## RECORDS FOR THIS EXERCISE

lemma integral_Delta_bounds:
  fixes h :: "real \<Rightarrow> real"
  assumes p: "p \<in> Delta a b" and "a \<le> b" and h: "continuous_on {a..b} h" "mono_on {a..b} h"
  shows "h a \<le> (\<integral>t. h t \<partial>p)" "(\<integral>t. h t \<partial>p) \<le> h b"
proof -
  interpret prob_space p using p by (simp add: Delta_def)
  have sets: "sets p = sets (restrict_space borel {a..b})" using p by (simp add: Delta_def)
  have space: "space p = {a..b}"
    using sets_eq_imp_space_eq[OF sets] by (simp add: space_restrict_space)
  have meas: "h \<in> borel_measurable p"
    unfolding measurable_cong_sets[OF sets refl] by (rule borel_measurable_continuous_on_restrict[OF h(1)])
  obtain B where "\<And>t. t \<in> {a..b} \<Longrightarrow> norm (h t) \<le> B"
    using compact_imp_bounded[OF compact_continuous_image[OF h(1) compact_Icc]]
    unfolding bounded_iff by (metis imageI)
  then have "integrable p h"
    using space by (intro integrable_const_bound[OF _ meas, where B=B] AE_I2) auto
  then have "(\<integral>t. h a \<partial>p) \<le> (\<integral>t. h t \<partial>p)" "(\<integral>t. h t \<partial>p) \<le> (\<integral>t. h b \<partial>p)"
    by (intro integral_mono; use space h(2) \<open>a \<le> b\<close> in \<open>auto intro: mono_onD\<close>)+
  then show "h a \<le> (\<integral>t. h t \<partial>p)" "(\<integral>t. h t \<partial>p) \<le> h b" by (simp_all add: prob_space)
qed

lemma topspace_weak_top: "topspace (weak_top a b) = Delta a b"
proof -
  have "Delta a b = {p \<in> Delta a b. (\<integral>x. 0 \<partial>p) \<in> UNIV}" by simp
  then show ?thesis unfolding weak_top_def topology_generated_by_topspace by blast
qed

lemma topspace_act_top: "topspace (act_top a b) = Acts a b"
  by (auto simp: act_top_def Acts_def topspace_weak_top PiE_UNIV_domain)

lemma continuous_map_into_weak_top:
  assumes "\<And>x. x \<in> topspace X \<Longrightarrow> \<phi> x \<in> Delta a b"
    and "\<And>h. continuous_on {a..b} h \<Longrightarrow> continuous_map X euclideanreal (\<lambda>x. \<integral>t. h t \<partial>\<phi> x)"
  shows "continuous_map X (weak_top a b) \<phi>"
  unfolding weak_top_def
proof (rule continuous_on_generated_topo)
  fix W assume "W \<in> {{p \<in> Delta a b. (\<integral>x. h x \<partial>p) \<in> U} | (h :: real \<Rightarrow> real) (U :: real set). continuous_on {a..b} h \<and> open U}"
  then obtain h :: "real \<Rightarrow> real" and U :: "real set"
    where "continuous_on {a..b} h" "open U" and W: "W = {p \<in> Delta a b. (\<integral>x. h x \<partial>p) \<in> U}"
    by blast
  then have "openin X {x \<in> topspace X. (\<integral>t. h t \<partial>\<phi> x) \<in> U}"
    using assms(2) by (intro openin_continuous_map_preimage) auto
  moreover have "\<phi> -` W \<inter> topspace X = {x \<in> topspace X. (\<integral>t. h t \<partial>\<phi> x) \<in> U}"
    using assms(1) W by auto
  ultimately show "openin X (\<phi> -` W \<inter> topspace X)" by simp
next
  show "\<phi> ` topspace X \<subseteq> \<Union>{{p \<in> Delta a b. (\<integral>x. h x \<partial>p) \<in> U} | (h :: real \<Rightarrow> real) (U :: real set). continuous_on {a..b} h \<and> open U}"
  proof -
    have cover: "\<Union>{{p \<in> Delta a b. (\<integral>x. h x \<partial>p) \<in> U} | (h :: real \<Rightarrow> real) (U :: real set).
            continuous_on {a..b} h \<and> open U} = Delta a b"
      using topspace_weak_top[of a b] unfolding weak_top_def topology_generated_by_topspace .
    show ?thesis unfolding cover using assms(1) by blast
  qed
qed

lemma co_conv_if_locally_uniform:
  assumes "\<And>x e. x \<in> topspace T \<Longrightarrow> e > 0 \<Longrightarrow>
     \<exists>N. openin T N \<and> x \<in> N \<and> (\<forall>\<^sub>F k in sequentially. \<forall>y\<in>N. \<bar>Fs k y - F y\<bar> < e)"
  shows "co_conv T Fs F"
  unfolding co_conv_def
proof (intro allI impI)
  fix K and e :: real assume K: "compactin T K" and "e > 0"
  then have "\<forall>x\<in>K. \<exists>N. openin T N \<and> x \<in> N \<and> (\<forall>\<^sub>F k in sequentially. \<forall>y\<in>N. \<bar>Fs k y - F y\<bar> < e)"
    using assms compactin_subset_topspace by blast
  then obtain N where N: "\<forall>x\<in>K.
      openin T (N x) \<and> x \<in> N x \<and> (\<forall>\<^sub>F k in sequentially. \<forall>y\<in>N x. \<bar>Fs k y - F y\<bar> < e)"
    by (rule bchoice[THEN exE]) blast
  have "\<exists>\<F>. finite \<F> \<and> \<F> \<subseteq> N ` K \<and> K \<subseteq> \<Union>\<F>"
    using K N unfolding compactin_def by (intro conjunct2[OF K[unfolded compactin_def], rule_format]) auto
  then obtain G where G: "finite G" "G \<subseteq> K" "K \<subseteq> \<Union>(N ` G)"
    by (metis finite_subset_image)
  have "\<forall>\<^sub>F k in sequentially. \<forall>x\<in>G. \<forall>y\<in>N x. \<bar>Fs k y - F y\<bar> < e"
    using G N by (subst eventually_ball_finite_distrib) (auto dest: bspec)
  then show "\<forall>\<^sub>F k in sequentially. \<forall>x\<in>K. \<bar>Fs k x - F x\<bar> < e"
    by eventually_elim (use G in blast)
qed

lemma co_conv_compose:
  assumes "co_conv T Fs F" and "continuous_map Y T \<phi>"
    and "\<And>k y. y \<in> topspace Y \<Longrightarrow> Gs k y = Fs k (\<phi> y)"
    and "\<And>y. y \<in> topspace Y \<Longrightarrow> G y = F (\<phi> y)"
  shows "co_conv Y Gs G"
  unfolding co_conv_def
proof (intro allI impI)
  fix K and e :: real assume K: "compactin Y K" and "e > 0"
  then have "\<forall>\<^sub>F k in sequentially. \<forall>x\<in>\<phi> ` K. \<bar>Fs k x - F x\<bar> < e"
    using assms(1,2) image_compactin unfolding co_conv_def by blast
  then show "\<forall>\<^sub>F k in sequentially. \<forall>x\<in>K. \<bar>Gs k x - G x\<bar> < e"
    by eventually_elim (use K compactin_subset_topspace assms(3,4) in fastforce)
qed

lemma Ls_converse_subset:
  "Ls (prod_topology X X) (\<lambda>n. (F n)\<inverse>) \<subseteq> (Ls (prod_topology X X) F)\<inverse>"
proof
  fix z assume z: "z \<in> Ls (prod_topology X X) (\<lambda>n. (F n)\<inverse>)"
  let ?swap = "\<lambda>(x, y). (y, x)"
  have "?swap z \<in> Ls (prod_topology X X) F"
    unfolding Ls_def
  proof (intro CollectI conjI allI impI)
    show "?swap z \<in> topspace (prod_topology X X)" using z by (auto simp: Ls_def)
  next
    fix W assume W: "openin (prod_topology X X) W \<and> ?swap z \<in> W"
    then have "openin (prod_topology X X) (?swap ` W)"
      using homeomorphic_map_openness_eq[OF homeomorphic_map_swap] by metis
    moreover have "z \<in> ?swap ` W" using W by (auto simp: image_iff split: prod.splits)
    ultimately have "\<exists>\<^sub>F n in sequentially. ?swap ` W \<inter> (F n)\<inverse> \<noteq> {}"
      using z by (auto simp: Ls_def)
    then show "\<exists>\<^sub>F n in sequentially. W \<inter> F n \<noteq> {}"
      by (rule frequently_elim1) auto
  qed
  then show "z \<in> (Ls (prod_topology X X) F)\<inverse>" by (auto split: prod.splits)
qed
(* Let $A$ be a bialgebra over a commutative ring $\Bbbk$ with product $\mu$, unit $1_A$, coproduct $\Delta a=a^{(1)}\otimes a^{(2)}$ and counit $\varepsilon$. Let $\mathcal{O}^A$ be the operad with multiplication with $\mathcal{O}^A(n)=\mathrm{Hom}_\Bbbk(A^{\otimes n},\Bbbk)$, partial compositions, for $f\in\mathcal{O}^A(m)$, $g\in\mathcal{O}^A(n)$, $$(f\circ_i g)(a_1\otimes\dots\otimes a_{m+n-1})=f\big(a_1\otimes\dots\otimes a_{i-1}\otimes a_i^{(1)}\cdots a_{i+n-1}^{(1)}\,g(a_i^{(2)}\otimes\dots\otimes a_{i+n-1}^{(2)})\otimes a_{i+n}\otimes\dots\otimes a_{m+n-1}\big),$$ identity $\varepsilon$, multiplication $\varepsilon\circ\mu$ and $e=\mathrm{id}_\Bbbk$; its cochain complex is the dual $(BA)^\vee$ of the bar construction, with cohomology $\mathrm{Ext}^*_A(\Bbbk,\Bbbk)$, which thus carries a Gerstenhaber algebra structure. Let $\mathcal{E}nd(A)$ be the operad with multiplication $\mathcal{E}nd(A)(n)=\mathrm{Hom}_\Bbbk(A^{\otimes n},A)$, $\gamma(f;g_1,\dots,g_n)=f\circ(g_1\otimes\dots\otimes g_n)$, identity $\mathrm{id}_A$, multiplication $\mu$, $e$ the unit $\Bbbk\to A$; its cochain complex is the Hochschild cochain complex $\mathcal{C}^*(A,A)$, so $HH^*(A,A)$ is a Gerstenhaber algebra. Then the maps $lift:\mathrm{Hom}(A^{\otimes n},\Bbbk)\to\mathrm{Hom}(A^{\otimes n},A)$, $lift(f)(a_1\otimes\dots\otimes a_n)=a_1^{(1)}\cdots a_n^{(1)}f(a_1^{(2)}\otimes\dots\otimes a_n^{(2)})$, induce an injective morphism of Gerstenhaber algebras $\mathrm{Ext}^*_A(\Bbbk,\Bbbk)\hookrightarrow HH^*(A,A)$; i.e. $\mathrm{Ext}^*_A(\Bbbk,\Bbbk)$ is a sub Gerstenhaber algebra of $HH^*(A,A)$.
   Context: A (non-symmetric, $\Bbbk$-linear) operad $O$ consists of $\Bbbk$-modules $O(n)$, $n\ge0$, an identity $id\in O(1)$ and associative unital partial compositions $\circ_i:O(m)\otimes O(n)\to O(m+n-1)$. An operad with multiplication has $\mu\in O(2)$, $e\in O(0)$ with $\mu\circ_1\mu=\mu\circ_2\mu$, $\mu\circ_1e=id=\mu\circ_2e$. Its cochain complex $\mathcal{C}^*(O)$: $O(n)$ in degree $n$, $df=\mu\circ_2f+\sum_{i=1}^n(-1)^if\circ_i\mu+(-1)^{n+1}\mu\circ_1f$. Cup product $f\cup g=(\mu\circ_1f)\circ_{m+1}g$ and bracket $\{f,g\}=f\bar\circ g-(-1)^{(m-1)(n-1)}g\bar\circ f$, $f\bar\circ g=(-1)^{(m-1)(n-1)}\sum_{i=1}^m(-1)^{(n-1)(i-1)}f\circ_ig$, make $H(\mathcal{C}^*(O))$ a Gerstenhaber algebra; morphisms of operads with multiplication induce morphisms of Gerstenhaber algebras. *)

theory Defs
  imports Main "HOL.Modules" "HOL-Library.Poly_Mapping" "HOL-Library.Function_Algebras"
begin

## WORK ITEM
To answer, state the number of lines in the records holding the string "sets", and leave out everything else.

## SOLUTION FOR THIS EXERCISE
3